January's paintout destination is Corsica, France.  I never knew what Corsica, France looked like until I explored it on Google Street View - it is beautiful!  Corsica is one of France's 26 regions and is an island. Northern Corsica resembles northern Italy with beautiful mountainous vistas, southern Corsica is speckled with beautiful coastal scenes with palm trees!  Google Street View provides detailed stilled photos taken by satellite, some photos have people in them. In fact, I Google Street Viewed my house and there I was  standing on my deck blowing up a pool float!  A little scary? Yes. But, I digress...Google Street View is a great way to view the world and to paint it! 

I enjoyed participating in Virtual Paintout and plan to participate as time allows.  There are virtually billions of landscapes to paint worldwide using Google Street View.  Bill Guffey states that Google Street View has approved Virtual Paintout and endorses it.  I prefer to paint from my photos in my studio as opposed to painting plein air, as my studio lends me a controlled environment.  I have little choice but to paint in my studio in the dead of winter, especially in the snowbelt of Maine. Virtual Painout is a viable solution.  I chose to submit a quick pen/ink watercolor coastal sketch of Corvione Corsica.  I checked Facebook to see if Bill might have posted it and he did!  It was like Christmas, I was honored to see my work on Virtual Paintout for others to see.  Bill also posts the chosen works on the Virtual Paintout blogspot with the artist's name and website.  Great publicity! 
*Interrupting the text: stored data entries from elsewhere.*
(* Let $m=m_n\ge 1$ and $F=F_n=f^{(1)}\times\cdots\times f^{(m)}$ be such that $(F)_2\lesssim(F)_0$. Then, as $n\to\infty$, \[ \mathbb{P}(H^*_{nmF} \text{ is connected}) \to \begin{cases} 0 & \text{if } \log n - \frac{m}{n}(F)_1 \to +\infty,\\ 1 & \text{if } \log n - \frac{m}{n}(F)_1 \to -\infty.\end{cases} \]
   Context: Shotgun random hypergraph: given integers $n,m\ge1$ and probability distributions $f^{(1)},\dots,f^{(m)}$ on $\{0,\dots,n\}$, write $F=f^{(1)}\times\cdots\times f^{(m)}$. $H^*_{nmF}$ is the random hypergraph with node set $\{1,\dots,n\}$ and hyperedge set $\{V_1,\dots,V_m\}$ (duplicates merged), where $V_1,\dots,V_m\subset\{1,\dots,n\}$ are mutually independent and $\mathbb{P}(V_k=A)=f^{(k)}(|A|)\binom{n}{|A|}^{-1}$. A hypergraph on node set $V$ is connected if for every partition of $V$ into nonempty sets $V_1',V_2'$ some hyperedge meets both. Moments: $(F)_r=\frac1m\sum_{k=1}^m\sum_{x=2}^n x^r f^{(k)}(x)$. $a_n\lesssim b_n$ means $\limsup a_n/|b_n|<\infty$. *)

theory Defs
  imports "HOL-Analysis.Analysis" "HOL-Library.Landau_Symbols"
begin

definition hg_connected :: "'a set \<Rightarrow> 'a set set \<Rightarrow> bool" where
  "hg_connected V E \<longleftrightarrow>
     (\<forall>V1 V2. V1 \<noteq> {} \<and> V2 \<noteq> {} \<and> V1 \<inter> V2 = {} \<and> V1 \<union> V2 = V \<longrightarrow>
        (\<exists>e\<in>E. e \<inter> V1 \<noteq> {} \<and> e \<inter> V2 \<noteq> {}))"

definition is_distr :: "nat \<Rightarrow> (nat \<Rightarrow> real) \<Rightarrow> bool" where
  "is_distr n p \<longleftrightarrow> (\<forall>x. 0 \<le> p x) \<and> (\<Sum>x\<le>n. p x) = 1"

text \<open>P(V = A) = p(|A|) / binom(n,|A|) for A a subset of {1..n}.\<close>
definition edge_prob :: "nat \<Rightarrow> (nat \<Rightarrow> real) \<Rightarrow> nat set \<Rightarrow> real" where
  "edge_prob n p A = p (card A) / real (n choose card A)"

text \<open>Probability that the shotgun random hypergraph H*_{nmF} is connected;
  F k is the distribution f^(k), k = 1..m. The hyperedge set is the image of
  the m independent random sets (duplicates merged).\<close>
definition conn_prob :: "nat \<Rightarrow> nat \<Rightarrow> (nat \<Rightarrow> nat \<Rightarrow> real) \<Rightarrow> real" where
  "conn_prob n m F =
     (\<Sum>V\<in>PiE {1..m} (\<lambda>_. Pow {1..n}).
        (\<Prod>k\<in>{1..m}. edge_prob n (F k) (V k)) *
        (if hg_connected {1..n} (V ` {1..m}) then 1 else 0))"

definition moment :: "nat \<Rightarrow> nat \<Rightarrow> nat \<Rightarrow> (nat \<Rightarrow> nat \<Rightarrow> real) \<Rightarrow> real" where
  "moment r n m F = (1 / real m) * (\<Sum>k\<in>{1..m}. \<Sum>x\<in>{2..n}. real x ^ r * F k x)"

end

theory Submission
  imports Defs
begin

text \<open>
  Write \<open>S\<^sub>r = m (F)\<^sub>r\<close>. A fixed vertex is isolated with probability about
  \<open>exp (- S\<^sub>1 / n)\<close>, so the expected number of isolated vertices is about
  \<open>exp (log n - S\<^sub>1 / n)\<close>. If this tends to infinity, the second moment method shows that
  some vertex is isolated with high probability. If it tends to zero, a union bound over all
  cuts \<open>(S, V - S)\<close> with \<open>|S| = s \<le> n/2\<close> applies: no hyperedge crosses such a cut with
  probability at most \<open>exp (- s S\<^sub>1 / n (1 - o(1)))\<close> when \<open>s\<close> is small, which beats
  \<open>binom n s \<le> (e n / s)\<^sup>s\<close>, and at most \<open>exp (- s S\<^sub>0 / n)\<close>, which beats \<open>2\<^sup>n\<close> when
  \<open>s\<close> is a fixed fraction of \<open>n\<close>. The hypothesis \<open>(F)\<^sub>2 \<lesssim> (F)\<^sub>0\<close> bounds all error
  terms by multiples of \<open>S\<^sub>1 / n\<close>.
\<close>

lemma prod_of_bool:
  "finite A \<Longrightarrow> (\<Prod>x\<in>A. of_bool (P x) :: 'b :: comm_semiring_1) = of_bool (\<forall>x\<in>A. P x)"
  by (induction A rule: finite_induct) auto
Bill Guffey should be congratulated or get a humanitarian award for bringing the world a little closer through the wonderful medium of art.  Virtual Paintout really breaks borders and  brings people closer. It makes for a perfect marriage of fine art and technology.  It is sort of like artists without borders. Virtual Paintout seems to make the world a smaller place to live in. I think this would make a great project for my sixth grade students and plan to utilize Bill's concept in my teaching studio.   Congratulations Bill Guffey!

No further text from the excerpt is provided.